1. Ketakutan dan kecemasan: Di saat ketidakpastian atau bahaya, orang mungkin beralih ke takhayul untuk mengatasi ketakutan dan kecemasan mereka. Misalnya, orang mungkin membawa jimat keberuntungan atau menghindari tempat atau aktivitas tertentu dengan keyakinan bahwa hal tersebut akan membawa kesialan.
2. Salah tafsir terhadap peristiwa alam: Di masa lalu, masyarakat mungkin belum memiliki pemahaman ilmiah tentang peristiwa alam, seperti badai, gempa bumi, atau gerhana. Akibatnya, mereka mungkin menghubungkan peristiwa-peristiwa ini dengan kekuatan atau makhluk gaib dan mengembangkan takhayul untuk melindungi diri mereka dari bahaya.
3. Bias konfirmasi: Orang cenderung mengingat peristiwa yang mendukung keyakinan mereka dan melupakan atau mengabaikan bukti yang bertentangan dengan keyakinan mereka. Hal ini dapat menyebabkan takhayul terus berlanjut, karena orang secara selektif mengingat saat-saat ketika takhayul mereka tampak benar dan melupakan saat-saat yang sebenarnya tidak benar.

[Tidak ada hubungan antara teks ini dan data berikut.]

text \<open>The level al t (and lam t) is measurable with respect to the non-conflicting
  sigma-algebra at time t, and the lag condition L (t+1) <= L t + 1 makes these sigma-algebras
  increase in t, so al t is measurable at the decision time E t. Rounding al t up to a finite
  grid turns fixed-level conditional super-uniformity of a null P t into P(P t <= al t) <= E[al t];
  for SAFFRON* the same bound at the levels al t and lam t gives
  P(P t <= al t) <= E[al t / (1 - lam t) 1{P t > lam t}]. Summing over the nulls in R(t) and
  bounding the summed wealth pointwise by the defining constraint at time t, whose
  non-conflicting rejections all belong to R(t), gives E|V(t)| <= a E[|R(t)| max 1].\<close>

section \<open>Super-uniformity at random thresholds\<close>

lemma (in finite_measure) integrable_bounded:
  fixes f :: "'a \<Rightarrow> real"
  assumes "f \<in> borel_measurable M" and "\<And>x. x \<in> space M \<Longrightarrow> \<bar>f x\<bar> \<le> B"
  shows "integrable M f"
  using assms by (intro integrable_const_bound[where B = B] AE_I2) auto

lemma ceiling_grid_bounds:
  fixes x n :: real
  assumes "0 < n"
  shows "x \<le> of_int \<lceil>n * x\<rceil> / n" and "of_int \<lceil>n * x\<rceil> / n \<le> x + 1 / n"
  using assms by (auto simp: field_simps) linarith+

locale superuniform_pvalue = prob_space M + finite_measure_subalgebra M F
  for M F :: "'a measure" +
  fixes X :: "'a \<Rightarrow> real"
  assumes measurable_X [measurable]: "X \<in> borel_measurable M"
    and superuniform:
      "u \<in> {0..1} \<Longrightarrow> AE \<omega> in M. real_cond_exp M F (indicator {x \<in> space M. X x \<le> u}) \<omega> \<le> u"
begin

lemma measurable_from_F: "f \<in> borel_measurable F \<Longrightarrow> f \<in> borel_measurable M"
  using measurable_from_subalg[OF subalg] .

lemma integral_mult_indicator_le_const:
  assumes [measurable]: "f \<in> borel_measurable F"
    and f: "\<And>\<omega>. \<omega> \<in> space M \<Longrightarrow> 0 \<le> f \<omega> \<and> f \<omega> \<le> B" and "0 \<le> u"
  shows "(\<integral>\<omega>. f \<omega> * indicator {x \<in> space M. X x \<le> u} \<omega> \<partial>M) \<le> (\<integral>\<omega>. f \<omega> * u \<partial>M)"
proof -
  have [measurable]: "f \<in> borel_measurable M" by (rule measurable_from_F) fact
  have int_f: "integrable M f"
    by (rule integrable_bounded[where B = B]) (use f in auto)
  have int_f_ind: "integrable M (\<lambda>\<omega>. f \<omega> * indicator {x \<in> space M. X x \<le> u} \<omega>)"
    using int_f by (rule integrable_real_mult_indicator[rotated]) measurable
  show ?thesis
  proof (cases "u \<le> 1")
    case True
    note cond_exp = real_cond_exp_intg[OF int_f_ind, simplified]
    have "(\<integral>\<omega>. f \<omega> * indicator {x \<in> space M. X x \<le> u} \<omega> \<partial>M)
        = (\<integral>\<omega>. f \<omega> * real_cond_exp M F (indicator {x \<in> space M. X x \<le> u}) \<omega> \<partial>M)"
      using cond_exp(2) by simp
    also have "\<dots> \<le> (\<integral>\<omega>. f \<omega> * u \<partial>M)"
    proof (rule integral_mono_AE[OF cond_exp(1)])
      show "integrable M (\<lambda>\<omega>. f \<omega> * u)" using int_f by simp
      have "AE \<omega> in M. real_cond_exp M F (indicator {x \<in> space M. X x \<le> u}) \<omega> \<le> u"
        using superuniform True \<open>0 \<le> u\<close> by simp
      then show "AE \<omega> in M. f \<omega> * real_cond_exp M F (indicator {x \<in> space M. X x \<le> u}) \<omega> \<le> f \<omega> * u"
        using AE_space by eventually_elim (use f in \<open>auto intro: mult_left_mono\<close>)
    qed
    finally show ?thesis .
  next
    case False
    show ?thesis
    proof (rule integral_mono[OF int_f_ind])
      show "integrable M (\<lambda>\<omega>. f \<omega> * u)" using int_f by simp
      fix \<omega> assume "\<omega> \<in> space M"
      with f[OF this] False show "f \<omega> * indicator {x \<in> space M. X x \<le> u} \<omega> \<le> f \<omega> * u"
        by (auto simp: indicator_def mult_le_cancel_left1)
    qed
  qed
qed

lemma integral_mult_indicator_le_finite_valued:
  assumes [measurable]: "g \<in> borel_measurable F" "h \<in> borel_measurable F"
    and g: "\<And>\<omega>. \<omega> \<in> space M \<Longrightarrow> 0 \<le> g \<omega> \<and> g \<omega> \<le> B"
    and "finite V" and h: "\<And>\<omega>. \<omega> \<in> space M \<Longrightarrow> h \<omega> \<in> V" and V: "\<And>v. v \<in> V \<Longrightarrow> 0 \<le> v"
  shows "(\<integral>\<omega>. g \<omega> * indicator {x \<in> space M. X x \<le> h x} \<omega> \<partial>M) \<le> (\<integral>\<omega>. g \<omega> * h \<omega> \<partial>M)"
proof -
  define f where "f v \<omega> = (if h \<omega> = v then g \<omega> else 0)" for v \<omega>
  have [measurable]: "f v \<in> borel_measurable F" for v
    unfolding f_def by measurable
  have [measurable]: "f v \<in> borel_measurable M" for v
    by (rule measurable_from_F) simp
  have f: "0 \<le> f v \<omega> \<and> f v \<omega> \<le> B" if "\<omega> \<in> space M" for v \<omega>
    using g[OF that] by (simp add: f_def)
  have sum_f: "(\<Sum>v\<in>V. f v \<omega> * k v) = g \<omega> * k (h \<omega>)" if "\<omega> \<in> space M" for \<omega> and k :: "real \<Rightarrow> real"
  proof -
    have "(\<Sum>v\<in>V. f v \<omega> * k v) = (\<Sum>v\<in>V. if h \<omega> = v then g \<omega> * k v else 0)"
      by (rule sum.cong) (simp_all add: f_def)
    then show ?thesis using \<open>finite V\<close> h[OF that] by simp
  qed
  have int_f: "integrable M (f v)" for v
    by (rule integrable_bounded[where B = B]) (use f in auto)
  have int_f_ind: "integrable M (\<lambda>\<omega>. f v \<omega> * indicator {x \<in> space M. X x \<le> v} \<omega>)" for v
    using int_f by (rule integrable_real_mult_indicator[rotated]) measurable
  have "(\<integral>\<omega>. g \<omega> * indicator {x \<in> space M. X x \<le> h x} \<omega> \<partial>M)
      = (\<integral>\<omega>. (\<Sum>v\<in>V. f v \<omega> * indicator {x \<in> space M. X x \<le> v} \<omega>) \<partial>M)"
    by (rule Bochner_Integration.integral_cong) (simp_all add: sum_f indicator_def)
  also have "\<dots> = (\<Sum>v\<in>V. \<integral>\<omega>. f v \<omega> * indicator {x \<in> space M. X x \<le> v} \<omega> \<partial>M)"
    by (rule Bochner_Integration.integral_sum) (rule int_f_ind)
  also have "\<dots> \<le> (\<Sum>v\<in>V. \<integral>\<omega>. f v \<omega> * v \<partial>M)"
    using f V by (intro sum_mono integral_mult_indicator_le_const) auto
  also have "\<dots> = (\<integral>\<omega>. (\<Sum>v\<in>V. f v \<omega> * v) \<partial>M)"
    by (rule Bochner_Integration.integral_sum[symmetric]) (simp add: int_f)
  also have "\<dots> = (\<integral>\<omega>. g \<omega> * h \<omega> \<partial>M)"
    by (rule Bochner_Integration.integral_cong) (simp_all add: sum_f)
  finally show ?thesis .
qed
lemma eventually_layered_depth:
  assumes D: "D \<ge> 1"
  shows "\<forall>\<^sub>F n in sequentially. \<exists>T\<ge>1. 10 * layered_order D T \<le> n
    \<and> real D ^ T * (ln n + (real D + 1) ^ 2) \<le> layered_order D T"
proof -
  have "ln (1 + 1 / real D) > 0" "2 * ln (real D + 1) > 0"
    using D by (simp_all add: ln_gt_zero)
  \<comment> \<open>a lower bound for (1 + 1/D)^T at the depth T = floor (ln n / (2 ln (D + 1))); it is a power of n\<close>
  then have "\<forall>\<^sub>F n in sequentially. 100 * (real D + 1) ^ 2 \<le> real n \<and> ln (real n) + (real D + 1) ^ 2
      \<le> exp ((ln (real n) / (2 * ln (real D + 1)) - 1) * ln (1 + 1 / real D))"
    by (intro eventually_conj) real_asymp+
  then show ?thesis
    by (rule eventually_mono) (use layered_depth_exists[OF D] in blast)
qed

theorem theorem1p2:
  fixes D :: nat
  assumes "D \<ge> 1"
  shows "\<exists>n0::nat. \<forall>n\<ge>n0. \<forall>(V :: nat set) (E :: nat set set).
           simple_graph V E \<and>
           (\<forall>EH :: nat set set. simple_graph {0..<n} EH \<and> degenerate D {0..<n} EH
               \<and> max_degree_le (2 * D + 1) {0..<n} EH
               \<longrightarrow> contains_subgraph V E {0..<n} EH)
           \<longrightarrow> real (num_edges E) \<ge> 1 / (1000 * real D) * real n powr (2 - 1 / real D)"
proof -
  obtain n0 where "\<And>n. n \<ge> n0 \<Longrightarrow> \<exists>T\<ge>1. 10 * layered_order D T \<le> n
      \<and> real D ^ T * (ln n + (real D + 1) ^ 2) \<le> layered_order D T"
    using eventually_layered_depth[OF assms] unfolding eventually_sequentially by blast
  then have "1 / (1000 * real D) * real n powr (2 - 1 / real D) \<le> card E"
    if "n \<ge> n0" "simple_graph V E" "degenerate_universal D n V E" for n and V :: "nat set" and E :: "nat set set"
    using that universal_host_edges_ge[OF assms] by meson
  then show ?thesis
    by (intro exI[of _ n0] allI impI, elim conjE) (simp add: num_edges_def degenerate_universal_def)
qed
lemma bishopB_relatively_parallel_inner_constant:
  assumes B: "is_frame \<gamma> B" "coeff_matrix B bishopB" and i: "i \<in> {1,2,3}"
    and V: "\<And>t. (V has_vector_derivative f t *\<^sub>R B t 0) (at t)" "\<And>t. V t \<bullet> B t 0 = 0"
  shows "V s \<bullet> B s i = V r \<bullet> B r i"
proof (rule relatively_parallel_inner_constant[OF V(1) bishopB_derivatives(2)[OF B(2) i] V(2)])
  show "B t i \<bullet> B t 0 = 0" for t
    using B(1) i unfolding is_frame_def by auto
qed

lemma bishopB_orthogonal_curvature_at_breakpoints:
  assumes B: "coeff_matrix B bishopB" and N: "continuous_on UNIV N"
    and perp: "\<And>t. N t \<bullet> (b1 t *\<^sub>R B t 1 + b2 t *\<^sub>R B t 2 + b3 t *\<^sub>R B t 3) = 0"
  shows "N 0 \<bullet> B 0 1 = 0" "N 0 \<bullet> B 0 2 = 0" "N 1 \<bullet> B 1 2 = 0"
    "N 1 \<bullet> B 1 3 = 0" "N 2 \<bullet> B 2 1 = 0" "N 2 \<bullet> B 2 3 = 0"
proof -
  have "b1 t * (N t \<bullet> B t 1) + b2 t * (N t \<bullet> B t 2) + b3 t * (N t \<bullet> B t 3) = 0" for t
    using perp[of t] by (simp add: inner_add_right)
  moreover have "continuous_on UNIV (\<lambda>t. N t \<bullet> B t i)" if "i < 4" for i
    using N coeff_matrix_continuous[OF B that] by (rule continuous_on_inner)
  ultimately show "N 0 \<bullet> B 0 1 = 0" "N 0 \<bullet> B 0 2 = 0" "N 1 \<bullet> B 1 2 = 0"
    "N 1 \<bullet> B 1 3 = 0" "N 2 \<bullet> B 2 1 = 0" "N 2 \<bullet> B 2 3 = 0"
    using b1_b2_b3_combination_eq_0_imp_vanishing[of "\<lambda>t. N t \<bullet> B t 1"
        "\<lambda>t. N t \<bullet> B t 2" "\<lambda>t. N t \<bullet> B t 3"] by auto
qed
(* Let $\varepsilon>0$, $\theta_0>0$, $\Delta t>0$, $N\in\mathbb{N}$, $h=L/N$, and assume the mobility is constant, $\mathcal{M}\equiv 1$. Consider the scheme: given $\phi^n\in\mathcal{C}_{\rm per}$, find $\phi^{n+1},\mu^{n+1}\in\mathcal{C}_{\rm per}$ with $$\frac{\phi^{n+1}-\phi^n}{\Delta t}=-\mu^{n+1},\qquad \mu^{n+1}=\ln(1+\phi^{n+1})-\ln(1-\phi^{n+1})-\theta_0\phi^n-\varepsilon^2\Delta_h\phi^{n+1}$$ (all operations pointwise on the grid except $\Delta_h$). Given $\phi^n\in\mathcal{C}_{\rm per}$ with $\|\phi^n\|_\infty\le M$ for some $M>0$, there exists a unique solution $\phi^{n+1}\in\mathcal{C}_{\rm per}$ of this scheme with $\|\phi^{n+1}\|_\infty<1$. Moreover, if the initial data satisfy $\|\phi^0\|_\infty\le 1-\delta_0$ for some $\delta_0\in(0,1)$, then there exists $\delta^\star\in(0,1)$, depending upon $\delta_0$ but independent of $\varepsilon$ and $n$, such that the iterates of the scheme satisfy $\|\phi^n\|_\infty\le 1-\delta^\star$ for all $n\in\mathbb{N}$.
   Context: $\Omega=(0,L)^3$ with periodic boundary conditions. Grid points $p_i=(i-\tfrac12)h$, $h=L/N$. $\mathcal{C}_{\rm per}$ is the space of real grid functions $\nu_{i,j,k}$ on the cell centers $(p_i,p_j,p_k)$, $i,j,k\in\mathbb{Z}$, that are $N$-periodic in each index. The discrete Laplacian is $\Delta_h\nu_{i,j,k}=h^{-2}(\nu_{i+1,j,k}+\nu_{i-1,j,k}+\nu_{i,j+1,k}+\nu_{i,j-1,k}+\nu_{i,j,k+1}+\nu_{i,j,k-1}-6\nu_{i,j,k})$. $\|\nu\|_\infty=\max_{1\le i,j,k\le N}|\nu_{i,j,k}|$. The scheme is a discretization of the Allen–Cahn equation with the Flory–Huggins energy $\int_\Omega (1+\phi)\ln(1+\phi)+(1-\phi)\ln(1-\phi)-\frac{\theta_0}{2}\phi^2+\frac{\varepsilon^2}{2}|\nabla\phi|^2$. *)

theory Defs
  imports Complex_Main
begin
(* Let $m,n$ be even positive integers and let $f$ be the partial Boolean function on $2mn$ bits defined in the context. Then the nondeterministic quantum query complexity of $f$ satisfies $NQ(f)=\min(n/2,m/2)+1$.
   Context: For $z\in\{0,1\}^k$ let $w(z)$ denote its Hamming weight. Let $\mathcal{A}_1=\{0^m y : y\in\{0,1\}^m,\ m/2\le w(y)\le m\}$ and $\mathcal{A}_0=\{y0^m : y\in\{0,1\}^m,\ m/2\le w(y)\le m\}$. A string $x\in\{0,1\}^{2mn}$ is viewed as $n$ consecutive blocks of $2m$ bits. Define $\mathcal{X}_1=\mathcal{A}_0\times\cdots\times\mathcal{A}_0$ ($n$ factors) and $\mathcal{X}_0=\bigcup\{\mathcal{A}_{y_1}\times\cdots\times\mathcal{A}_{y_n} : y\in\{0,1\}^n,\ w(y)=n/2\}$. The partial function $f$ has domain $\mathcal{X}_0\cup\mathcal{X}_1$ with $f(x)=1$ on $\mathcal{X}_1$ and $f(x)=0$ on $\mathcal{X}_0$ (it is the composition of the Deutsch–Jozsa constant-vs-balanced function on $n$ bits with $n$ copies of the partial function $h$ on $2m$ bits that is $1$ on $\mathcal{A}_1$ and $0$ on $\mathcal{A}_0$). Quantum query model: the input $x\in\{0,1\}^N$ is accessed via the unitary $O_x:|i,b,z\rangle\mapsto|i,b\oplus x_i,z\rangle$; a $T$-query algorithm is $U_TO_xU_{T-1}\cdots O_xU_1O_xU_0$ applied to $|0\rangle$, with fixed unitaries $U_k$, followed by a measurement giving output $0$, $1$, or "don't know". A nondeterministic quantum algorithm for $f$ outputs $1$ with positive probability on every $x\in\mathcal{X}_1$ and with probability $0$ on every $x\in\mathcal{X}_0$. $NQ(f)$ is the minimal number of queries of such an algorithm. *)

theory Defs
  imports Complex_Main
begin

text \<open>Bit strings are functions nat => bool (True = 1); only positions below the
  input length matter. A block is a string of 2m bits, indexed 0..2m-1.\<close>

definition inA :: "nat \<Rightarrow> bool \<Rightarrow> (nat \<Rightarrow> bool) \<Rightarrow> bool" where
  "inA m c blk \<longleftrightarrow>
     (if c then (\<forall>i<m. \<not> blk i) \<and> m \<le> 2 * card {i. m \<le> i \<and> i < 2*m \<and> blk i}
           else (\<forall>i. m \<le> i \<and> i < 2*m \<longrightarrow> \<not> blk i) \<and> m \<le> 2 * card {i. i < m \<and> blk i})"

definition block :: "nat \<Rightarrow> (nat \<Rightarrow> bool) \<Rightarrow> nat \<Rightarrow> (nat \<Rightarrow> bool)" where
  "block m x j = (\<lambda>i. x (2*m*j + i))"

4. Pembelajaran sosial: Takhayul juga bisa dipelajari dari orang lain, seperti orang tua, teman, atau pemimpin budaya. Anak-anak mungkin diajari untuk memercayai takhayul tertentu oleh orang tuanya, dan kepercayaan ini mungkin terus diwariskan dari generasi ke generasi.
5. Keyakinan dan tradisi budaya: Takhayul dapat tertanam kuat dalam kepercayaan budaya dan tradisi. Simbol, ritual, atau praktik tertentu dapat dianggap membawa keberuntungan atau kesialan berdasarkan faktor sejarah, agama, atau sosial.
6. Informasi yang salah: Takhayul dapat menyebar melalui informasi yang salah atau kesalahpahaman. Orang mungkin menyampaikan informasi yang salah tentang keyakinan atau praktik tertentu, sehingga mengarah pada pelestarian takhayul.
Penting untuk dicatat bahwa meskipun takhayul mungkin memberi orang rasa nyaman atau kendali dalam menghadapi ketidakpastian, takhayul tidak memiliki bukti ilmiah dan tidak memberikan pemahaman yang dapat diandalkan atau akurat tentang dunia di sekitar kita.